If this movement was a majority, we would have seen rioting in the streets months ago. Instead we seem to have a few thousand hard-core individuals intent on destroying and undermining the man that a majority of Americans elected without any proposals of what they would do, aside from not doing what the President wants to try. That is not a grassroots uprising; that is a communication strategy, same as the ability of a very few people to mess it up for everybody because they can.

Instead of growing their base, they are appeasing their worst by chasing away Latinos, who Bush, in theory, was going to bring into the party as natural Catholic conservatives, at the same time their demographics continue to increase. Their embrace of the birthers who think the state of Hawaii was part of Kenya for a brief time in the early 1960s, and other crazy theories is also chasing away voters. Add in that many in what is left of the middle class may have finally come to the realization that the GOP doesn't always have their best interests in mind and it may be hard as sooner or later more will realize that they spent the Bush years working more hours for less dollars, at least until their jobs were outsourced so CEOs could enjoy the additional profits that their tax cuts failed to provide. Their only real hope is that President Obama continues to show the lackadaisical leadership lately that has helped to lead his poll numbers down. If the President stops speaking softly and starts using his big stick then that might be it.
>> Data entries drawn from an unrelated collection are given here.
(* Let $m:\mathbb{R}^3\to\mathbb{R}$ be given by $$m(\xi_1,\xi_2,\xi_3):=\frac{\xi_3}{(\xi_1^2\xi_2^2+\xi_3^2)^{1/2}}.$$ Then for all multi-indices $\alpha=(\alpha_1,\alpha_2,\alpha_3)$, $$|\partial^\alpha m(\xi)|\lesssim|\xi_1|^{-\alpha_1+\alpha_2}\,|(|\xi_1|\xi_2,\xi_3)|^{-\alpha_2-\alpha_3}$$ (so $m$ is a Fefferman–Pipher multiplier). Moreover, $\partial_{\xi_i}m\notin L^\infty$ for each $i=1,2,3$.
   Context: Here $|(|\xi_1|\xi_2,\xi_3)|=(\xi_1^2\xi_2^2+\xi_3^2)^{1/2}$ denotes the Euclidean norm of the vector $(|\xi_1|\xi_2,\xi_3)\in\mathbb{R}^2$, and the estimate is required at all points where $m$ is smooth (i.e. $(\xi_1\xi_2,\xi_3)\neq0$, $\xi_1\ne0$), with implicit constant depending on $\alpha$. A function satisfying these derivative estimates for all multi-indices is called a Fefferman–Pipher (Zygmund) multiplier. *)

theory Defs
  imports "HOL-Analysis.Analysis"
begin

definition fp_m :: "real \<times> real \<times> real \<Rightarrow> real" where
  "fp_m \<xi> = (case \<xi> of (x1, x2, x3) \<Rightarrow> x3 / sqrt (x1\<^sup>2 * x2\<^sup>2 + x3\<^sup>2))"

definition pd :: "nat \<Rightarrow> (real \<times> real \<times> real \<Rightarrow> real) \<Rightarrow> real \<times> real \<times> real \<Rightarrow> real" where
  "pd i f = (\<lambda>(x1, x2, x3).
     if i = 1 then deriv (\<lambda>t. f (t, x2, x3)) x1
     else if i = 2 then deriv (\<lambda>t. f (x1, t, x3)) x2
     else deriv (\<lambda>t. f (x1, x2, t)) x3)"

definition dalpha :: "nat \<Rightarrow> nat \<Rightarrow> nat \<Rightarrow> (real \<times> real \<times> real \<Rightarrow> real) \<Rightarrow> real \<times> real \<times> real \<Rightarrow> real" where
  "dalpha a1 a2 a3 f = (pd 1 ^^ a1) ((pd 2 ^^ a2) ((pd 3 ^^ a3) f))"

end

theory Submission
  imports Defs
begin

(* Write s = (x1^2 x2^2 + x3^2)^(1/2). On the domain x1 \<noteq> 0, (x1 x2, x3) \<noteq> 0 every derivative of m
   is a finite sum of terms c x1^i x2^j x3^k / s^p. Differentiating such a term in x1, x2 or x3
   (using ds/dx1 = x1 x2^2 / s, ds/dx2 = x1^2 x2 / s, ds/dx3 = x3 / s) produces at most two terms of
   the same shape, and shifts the bidegree (i - j, j + k - p) by (-1, 0), (1, -1) or (0, -1); m itself
   has bidegree (0, 0). Since |x1 x2| \<le> s and |x3| \<le> s, a term of bidegree (d1, d2) is at most
   |c| |x1|^d1 s^d2, which is the claimed estimate.

   The first derivatives are continuous on the open domain and blow up like 1/t along suitable rays.
   A continuous function bounded almost everywhere is bounded on every open set, because nonempty
   open sets are not null, so none of the first derivatives is in L^\<infinity>. *)

lemma DERIV_power_mult_inverse_sqrt_power:
  fixes q :: "real \<Rightarrow> real"
  assumes "q t > 0" "(q has_real_derivative q') (at t)"
  shows "((\<lambda>t. t^n * inverse (sqrt (q t))^p) has_real_derivative
     (real n * t^(n-1) * inverse (sqrt (q t))^p - real p / 2 * q' * t^n * inverse (sqrt (q t))^(p+2))) (at t)"
  using assms
  by (intro derivative_eq_intros) ((rule refl | assumption | simp)+, cases p, simp_all)

definition fp_domain :: "(real \<times> real \<times> real) set" where
  "fp_domain = {x. fst x \<noteq> 0 \<and> (fst x * fst (snd x) \<noteq> 0 \<or> snd (snd x) \<noteq> 0)}"

lemma mem_fp_domain [simp]: "(x1, x2, x3) \<in> fp_domain \<longleftrightarrow> x1 \<noteq> 0 \<and> (x1 * x2, x3) \<noteq> (0, 0)"
  by (simp add: fp_domain_def)

lemma open_fp_domain: "open fp_domain"
  unfolding fp_domain_def
  by (intro open_Collect_conj open_Collect_disj open_Collect_neq continuous_intros)

lemma fp_domain_radicand_pos: "(x1, x2, x3) \<in> fp_domain \<Longrightarrow> 0 < x1\<^sup>2 * x2\<^sup>2 + x3\<^sup>2"
  by (auto simp: power_mult_distrib[symmetric] add_pos_nonneg add_nonneg_pos)
lemma sum_received_reindex:
  fixes F :: "vec list \<Rightarrow> vec \<Rightarrow> real"
  shows "(\<Sum>t\<in>{t\<in>{1..length gs}. haar n t \<noteq> 0}.
           F (received n (take (t-1) gs)) (\<lambda>i. haar n t * (gs!(t-1)) i))
       = (\<Sum>k<length (received n gs). F (take k (received n gs)) (received n gs ! k))"
proof (induction gs rule: rev_induct)
  case Nil
  then show ?case by (simp add: received_def)
next
  case (snoc g gs)
  define t0 where "t0 = Suc (length gs)"
  define L where "L = received n gs"
  define old where "old = {t\<in>{1..length gs}. haar n t \<noteq> 0}"
  have fin: "finite old" unfolding old_def by simp
  have t0old: "t0 \<notin> old" unfolding old_def t0_def by simp
  have old_terms: "(\<Sum>t\<in>old. F (received n (take (t-1) (gs@[g]))) (\<lambda>i. haar n t * ((gs@[g])!(t-1)) i))
        = (\<Sum>t\<in>old. F (received n (take (t-1) gs)) (\<lambda>i. haar n t * (gs!(t-1)) i))"
    by (rule sum.cong) (auto simp: old_def nth_append)
  have prefix_terms:
    "(\<Sum>k<length L. F (take k (L @ [y])) ((L @ [y]) ! k)) = (\<Sum>k<length L. F (take k L) (L ! k))" for y
    by (rule sum.cong) (auto simp: nth_append)
  show ?case
  proof (cases "haar n t0 \<noteq> 0")
    case True
    have support: "{t\<in>{1..length (gs@[g])}. haar n t \<noteq> 0} = insert t0 old"
      using True unfolding old_def t0_def by auto
    have recv: "received n (gs@[g]) = L @ [(\<lambda>i. haar n t0 * g i)]"
      using True unfolding L_def t0_def by (simp add: received_snoc)
    have "(\<Sum>t\<in>{t\<in>{1..length (gs@[g])}. haar n t \<noteq> 0}.
             F (received n (take (t-1) (gs@[g]))) (\<lambda>i. haar n t * ((gs@[g])!(t-1)) i))
        = F (received n (take (t0-1) (gs@[g]))) (\<lambda>i. haar n t0 * ((gs@[g])!(t0-1)) i)
          + (\<Sum>t\<in>old. F (received n (take (t-1) (gs@[g]))) (\<lambda>i. haar n t * ((gs@[g])!(t-1)) i))"
      unfolding support using fin t0old by simp
    also have "\<dots> = F L (\<lambda>i. haar n t0 * g i) + (\<Sum>k<length L. F (take k L) (L ! k))"
      unfolding old_terms using snoc.IH unfolding old_def L_def t0_def by simp
    also have "\<dots> = (\<Sum>k<length (received n (gs@[g])).
        F (take k (received n (gs@[g]))) (received n (gs@[g]) ! k))"
      unfolding recv using prefix_terms by simp
    finally show ?thesis .
  next
    case False
    have support: "{t\<in>{1..length (gs@[g])}. haar n t \<noteq> 0} = old"
      using False unfolding old_def t0_def by (auto simp: le_Suc_eq)
    have recv: "received n (gs@[g]) = L"
      using False unfolding L_def t0_def by (simp add: received_snoc)
    show ?thesis unfolding support old_terms recv using snoc.IH unfolding old_def L_def by simp
  qed
qed
lemma repr_value:
  fixes p :: "'g::finite event \<Rightarrow> real"
  assumes r: "replacement_rule p" and fx: "fixation_axiom p"
  shows "rv_solution p (repr_value p)" and "(\<Sum>g\<in>UNIV. repr_value p g) = real CARD('g)"
proof -
  obtain v where v: "rv_solution p v" and "v \<noteq> (\<lambda>_. 0)"
    using rv_solution_nontrivial_exists by blast
  have S: "(\<Sum>g\<in>UNIV. v g) \<noteq> 0"
  proof
    assume "(\<Sum>g\<in>UNIV. v g) = 0"
    then have "v g = 0" for g
      using rv_solution_eq_sum_mult_lim[OF r fx v, of g] by (metis mult_zero_left)
    with \<open>v \<noteq> (\<lambda>_. 0)\<close> show False
      by auto
  qed
  define w where "w g = real CARD('g) / (\<Sum>h\<in>UNIV. v h) * v g" for g
  have w_solution: "rv_solution p w"
    unfolding w_def by (rule rv_solution_scale[OF v])
  have w_sum: "(\<Sum>g\<in>UNIV. w g) = real CARD('g)"
    unfolding w_def sum_distrib_left[symmetric] using S by simp
  have unique: "u = w" if "rv_solution p u" "(\<Sum>g\<in>UNIV. u g) = real CARD('g)" for u
  proof
    fix g
    show "u g = w g"
      using rv_solution_eq_sum_mult_lim[OF r fx that(1), of g]
        rv_solution_eq_sum_mult_lim[OF r fx w_solution, of g] that(2) w_sum
      by metis
  qed
  have "\<exists>!u. rv_solution p u \<and> (\<Sum>g\<in>UNIV. u g) = real CARD('g)"
    using w_solution w_sum unique by blast
  then have "rv_solution p (repr_value p) \<and> (\<Sum>g\<in>UNIV. repr_value p g) = real CARD('g)"
    unfolding repr_value_def rv_solution_def by (rule theI')
  then show "rv_solution p (repr_value p)" and "(\<Sum>g\<in>UNIV. repr_value p g) = real CARD('g)"
    by auto
qed

section \<open>Fixation probabilities\<close>

lemma xhat_eq_weighted_count:
  "xhat p x = weighted_count (repr_value p) x / real CARD('g)"
  for p :: "'g::finite event \<Rightarrow> real"
  by (simp add: xhat_def weighted_count_def)

lemma nstep_tendsto_xhat:
  fixes p :: "'g::finite event \<Rightarrow> real"
  assumes r: "replacement_rule p" and fx: "fixation_axiom p"
  shows "(\<lambda>t. nstep p t x (ind_state UNIV)) \<longlonglongrightarrow> xhat p x"
proof -
  have "(\<lambda>t. nstep p t x (\<lambda>_. True) * real CARD('g) / real CARD('g))
      \<longlonglongrightarrow> weighted_count (repr_value p) x / real CARD('g)"
    using nstep_fixation_tendsto_weighted_count[OF r fx repr_value(1)[OF r fx], of x]
    by (intro tendsto_intros) (simp_all add: repr_value(2)[OF r fx])
  then show ?thesis
    by (simp add: xhat_eq_weighted_count ind_state_def)
qed

lemma nstep_tendsto_all_a:
  assumes r: "replacement_rule p" and fx: "fixation_axiom p"
  shows "(\<lambda>t. nstep p t x (ind_state {})) \<longlonglongrightarrow> 1 - xhat p x"
proof -
  have "nstep p t x (ind_state {})
      = 1 - nstep p t x (ind_state UNIV) - polymorphic_mass p t x" for t
    using nstep_mass_split[OF r, of t x] by (simp add: ind_state_def)
  moreover have "(\<lambda>t. 1 - nstep p t x (ind_state UNIV) - polymorphic_mass p t x) \<longlonglongrightarrow> 1 - xhat p x - 0"
    by (intro tendsto_intros nstep_tendsto_xhat polymorphic_mass_tendsto_0 r fx)
  ultimately show ?thesis
    by simp
qed

lemma xhat_singleton: "xhat p (ind_state {g}) = repr_value p g / real CARD('g)"
  for p :: "'g::finite event \<Rightarrow> real"
  by (simp add: xhat_eq_weighted_count weighted_count_singleton)

lemma xhat_complement_singleton:
  fixes p :: "'g::finite event \<Rightarrow> real"
  assumes "replacement_rule p" and "fixation_axiom p"
  shows "xhat p (ind_state (UNIV - {g})) = 1 - repr_value p g / real CARD('g)"
proof -
  have "weighted_count (repr_value p) (ind_state (UNIV - {g}))
      = (\<Sum>h\<in>UNIV. repr_value p h - (if h = g then repr_value p h else 0))"
    unfolding weighted_count_def ind_state_def by (intro sum.cong) auto
  also have "\<dots> = (\<Sum>h\<in>UNIV. repr_value p h) - repr_value p g"
    by (simp add: sum_subtractf)
  finally show ?thesis
    using repr_value(2)[OF assms] by (simp add: xhat_eq_weighted_count diff_divide_distrib)
qed

lemma bhat_eq_sum_death_w: "bhat p = (\<Sum>g\<in>UNIV. death_w p g * repr_value p g)"
  unfolding bhat_def by (rule sum_edge_w_right)

lemma sum_mutant_appearance_fixation:
  fixes p :: "'g::finite event \<Rightarrow> real"
  shows "(\<Sum>g\<in>UNIV. death_w p g / birth_total p * (repr_value p g / real CARD('g)))
       = bhat p / (real CARD('g) * birth_total p)"
  unfolding bhat_eq_sum_death_w sum_divide_distrib by (intro sum.cong) auto

lemma rho_A_eq:
  fixes p :: "'g::finite event \<Rightarrow> real"
  assumes "replacement_rule p" and "fixation_axiom p"
  shows "rho_A p = bhat p / (real CARD('g) * birth_total p)"
proof -
  have "rho_A p = (\<Sum>g\<in>UNIV. death_w p g / birth_total p
                      * lim (\<lambda>t. nstep p t (ind_state {g}) (ind_state UNIV)))"
    using sum_fibers_mult[where S = UNIV and F = "\<lambda>g. ind_state {g}"
        and c = "\<lambda>g. death_w p g / birth_total p"]
    by (simp add: rho_A_def mu_A_def eq_commute)
  also have "\<dots> = (\<Sum>g\<in>UNIV. death_w p g / birth_total p * (repr_value p g / real CARD('g)))"
    using limI[OF nstep_tendsto_xhat[OF assms]] by (simp add: xhat_singleton)
  also have "\<dots> = bhat p / (real CARD('g) * birth_total p)"
    by (rule sum_mutant_appearance_fixation)
  finally show ?thesis .
qed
Who do the GOP have now on the national scene? Rush Limburg? Glenn Beck? Sarah Palin? Screaming "you lie" is not leadership. Instead of grooming new leadership they have concentrated on chasing away all but the pure, who will just follow without question. The GOP's supporters may be loud but they are fewer in number then they were 16 years ago and coverage of some of their antics feels more like filler news because there is not much else interesting going on.

The GOP may gain some midterm seats, many if the healthcare war ends badly, or the auto and bank bailouts turn out to not have helped the economy and unemployment remains high. But unless they get the crazies out, like the Dems did over the last 25 years or so (with Kennedy gone are there any real liberals left?) they're going to set themselves up for a bigger disaster in 2012.